We share this story with you for three reasons: 1) It is a story that we pray would encourage you as you walk with your
Mighty God. We hope you see through this story how our
Mighty God used my
feelings of inadequacy as a Mom of a preteen and teen to cry out to our
Mighty God for help. And how our
Mighty God led the conversation with my friend Susan to include the information about Mark and his Love and Logic workshops. And then, our
Mighty God used
Phyllis's illness and hospitalization to facilitate a meeting with
a man who was struggling in his relationship with his son to then ask me to lead a Love and Logic small group
that I did not feel equipped to lead. This led me to
desperately pursue someone who could help both this man and me learn more about how to parent our teens.
And then our
Mighty God led
a man who I had never even met to say "yes" to spending hundreds of dollars and a week away from his family and ministry to fly to Nicaragua to speak at an all day parenting workshop –
something he has never done before. And then to say "yes" to speaking to 150 students - preparing 9 different messages that he will be presenting (all within 4 days) at chapels, for plenary sessions, break-out sessions, and for the parent workshop
. And he is doing this with the understanding that he will be paid nothing (at least in this life).
Our God is a Mighty God who so obviously delights in working through human weakness. This is one of the things that I love most about Him. And where ever you are on the spectrum of feeling weak or strong right now, I pray that you would be encouraged by this reminder as well.
Sarah Young in her book,
Jesus Calling, says it this way as she writes from Jesus's perspective . . .

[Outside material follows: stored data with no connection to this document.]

lemma periodic_gens_antimono:
  assumes "k \<le> k'" shows "periodic_gens k' \<subseteq> periodic_gens k"
  unfolding periodic_gens_def using le_trans[OF assms] by blast

lemma layer_gens_subset: "layer_gens k Q \<subseteq> periodic_gens k"
proof -
  have "{g. range g \<subseteq> lcs G k \<and> (\<exists>p\<in>Q \<inter> {1..N k}. has_period p g)} \<subseteq> periodic_gens k"
    unfolding periodic_gens_def by blast
  then show ?thesis
    unfolding layer_gens_def using periodic_gens_antimono[of k "Suc k"] by simp
qed

lemma layer_gens_carrier: "layer_gens k Q \<subseteq> carrier Seq"
  using layer_gens_subset periodic_gens_carrier by (rule subset_trans)

lemma periodic_gens_inv:
  assumes "g \<in> periodic_gens k"
  shows "inv\<^bsub>Seq\<^esub> g \<in> periodic_gens k"
proof -
  obtain j p where j: "k \<le> j" "range g \<subseteq> lcs G j" and p: "p \<in> {1..N j}" "has_period p g"
    using assms by (auto simp: periodic_gens_def)
  have "inv\<^bsub>Seq\<^esub> g = (\<lambda>t. inv (g t))"
    using range_lcs_seq_carrier[OF j(2)] by (rule seq_group_inv)
  moreover have "range (\<lambda>t. inv (g t)) \<subseteq> lcs G j"
    using j(2) lcs_inv by blast
  moreover have "has_period p (\<lambda>t. inv (g t))"
    using p(2) unfolding has_period_def by simp
  ultimately show ?thesis
    using j(1) p(1) unfolding periodic_gens_def by (intro CollectI exI[of _ j]) auto
qed

lemma commutator_periodic_gens:
  assumes a: "a \<in> periodic_gens k" and b: "b \<in> periodic_gens 0"
  shows "inv\<^bsub>Seq\<^esub> a \<otimes>\<^bsub>Seq\<^esub> b \<otimes>\<^bsub>Seq\<^esub> a \<otimes>\<^bsub>Seq\<^esub> inv\<^bsub>Seq\<^esub> b \<in> periodic_gens (Suc k)"
proof -
  obtain j p where j: "k \<le> j" "range a \<subseteq> lcs G j" and p: "p \<in> {1..N j}" "has_period p a"
    using a by (auto simp: periodic_gens_def)
  obtain i r where i: "range b \<subseteq> lcs G i" and r: "r \<in> {1..N i}" "has_period r b"
    using b by (auto simp: periodic_gens_def)
  let ?h = "\<lambda>t. inv (a t) \<otimes> b t \<otimes> a t \<otimes> inv (b t)"
  have "inv\<^bsub>Seq\<^esub> a \<otimes>\<^bsub>Seq\<^esub> b \<otimes>\<^bsub>Seq\<^esub> a \<otimes>\<^bsub>Seq\<^esub> inv\<^bsub>Seq\<^esub> b = ?h"
    using range_lcs_seq_carrier[OF j(2)] range_lcs_seq_carrier[OF i]
    by (simp add: seq_group_inv seq_group_mult)
  moreover have "range ?h \<subseteq> lcs G (Suc (max j i))"
  proof (rule image_subsetI)
    fix t
    show "?h t \<in> lcs G (Suc (max j i))"
      using j(2) i by (intro commutator_in_lcs_max) auto
  qed
  moreover have "has_period (p * r) ?h"
    using has_period_dvd[OF p(2), of "p * r"] has_period_dvd[OF r(2), of "p * r"]
    by (simp add: has_period_def)
  moreover have "p * r \<le> N (Suc (max j i))"
    using p(1) r(1) mult_le_mono[of p "N j" r "N i"] N_mult[of j i] by auto
  ultimately show ?thesis
    using j(1) p(1) r(1) unfolding periodic_gens_def
    by (intro CollectI exI[of _ "Suc (max j i)"]) auto
qed
(* Let $\mathcal{F}$ and $\mathcal{G}$ be ${\rm LP}^{\rm MLN}$ programs over a finite propositional signature $\mathbf{p}$. Then $\mathcal{F}$ is strongly equivalent to $\mathcal{G}$ if and only if there is a w-expression $c$ such that for every interpretation $X\subseteq\mathbf{p}$: (1) $TW(\mathcal{F}_X) = c\times TW(\mathcal{G}_X)$ (as w-expressions), and (2) $(\overline{\mathcal{F}_X})^X$ and $(\overline{\mathcal{G}_X})^X$ are classically equivalent.
   Context: An ${\rm LP}^{\rm MLN}$ program is a finite set of weighted formulas $w:R$, where $R$ is a propositional formula over $\mathbf{p}$ (built from atoms, $\bot$, $\neg,\land,\lor,\rightarrow$) and $w$ is either a real number (a soft rule) or the symbol $\alpha$ denoting infinite weight (a hard rule). Interpretations are sets $X$ of atoms. For a program $\mathcal{F}$: $\overline{\mathcal{F}}$ is the set of formulas obtained by dropping the weights; $\mathcal{F}_X$ is the set of $w:R\in\mathcal{F}$ with $X\models R$. For a formula (or set of formulas) $F$, the reduct $F^X$ is obtained by replacing every maximal subformula of $F$ not satisfied by $X$ with $\bot$; $X$ is a stable model of a set of formulas $F$ if $X$ is a minimal (w.r.t. set inclusion) model of $F^X$. The set of soft stable models is $\mathrm{SM}[\mathcal{F}]=\{X \mid X \text{ is a stable model of } \overline{\mathcal{F}_X}\}$. A w-expression is an expression of the form $e^{c_1+c_2\alpha}$ with $c_1$ real and $c_2$ an integer; w-expressions are multiplied by adding exponents. $TW(\mathcal{F})=\exp(\sum_{w:R\in\mathcal{F}} w)$, a w-expression (soft weights summed into $c_1$, the number of hard rules giving $c_2$). The weight of $X$ is $W_{\mathcal{F}}(X)=TW(\mathcal{F}_X)$ if $X\in\mathrm{SM}[\mathcal{F}]$ and $0$ otherwise, and $P_{\mathcal{F}}(X)=\lim_{\alpha\to\infty} W_{\mathcal{F}}(X)/\sum_{Y\in\mathrm{SM}[\mathcal{F}]}W_{\mathcal{F}}(Y)$. Programs $\mathcal{F}$ and $\mathcal{G}$ are strongly equivalent if for every ${\rm LP}^{\rm MLN}$ program $\mathcal{H}$, $P_{\mathcal{F}\cup\mathcal{H}}(X)=P_{\mathcal{G}\cup\mathcal{H}}(X)$ for all interpretations $X$. *)

theory Defs
  imports Complex_Main "HOL-Library.Multiset"
begin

Come to Me when you are weak and weary. Rest snugly in My everlasting arms. I do not dispise your weakness, My child. Actually, it draws Me closer to you, because weakness stirs up My compassion – My yearning to help. Accept yourself in your weariness, knowing that I understand how difficult your journey has been.Do not compare yourself with others, who seem to skip along their life-paths with ease. Their journeys have been different from yours, and I have gifted them with abundant energy. I have gifted you with fragility, providing opportunities for your spirit to blossom in My Presence. Accept this gift as a sacred treasure: delicate, yet glowing with brillant Light. Rather than struggling to disguise or deny your weakness, allow Me to bless you richly through it.2) We also share this story with the request that you pray for Mark as he prepares for this God-sized assignment. He will speak on Jan. 22 from 9:15 to 10:00 AM; Jan. 23 from 9:15 to 10:00 AM; Jan. 24 he will speak four separate times from 7:30 AM to 2:30 PM; Jan. 25 from 8:00 AM to 3:00 PM; Jan. 27 from 7:00 PM to 8:30 PM; and will meet with parents during the day on the 27th and 28th. Please pray that God would speak through Mark and that the hearts of the listeners would be open and receptive.
3) Would you also pray for me (Lisa) as I organize this workshop? And for Dan? I'm feeling very out-of-my-comfort-zone at the moment and am needing God to be strength in my weakness. In addition to the workshop, I am on the committee that is organizing Spiritual Emphasis Day and I will be speaking during the break-out sessions as well. It is also Will's birthday on Jan. 24
th and so I am trying to wrap my head around how to make his day special in the midst of all that is happening! In addition, Dan is in the midst of some important deadlines this week and will be very focused and involved with tasks that are separate from this workshop.
Thank you so very much for being a part of this story by taking the time to read it and by praying for these events. We are so thankful for you and for your prayers.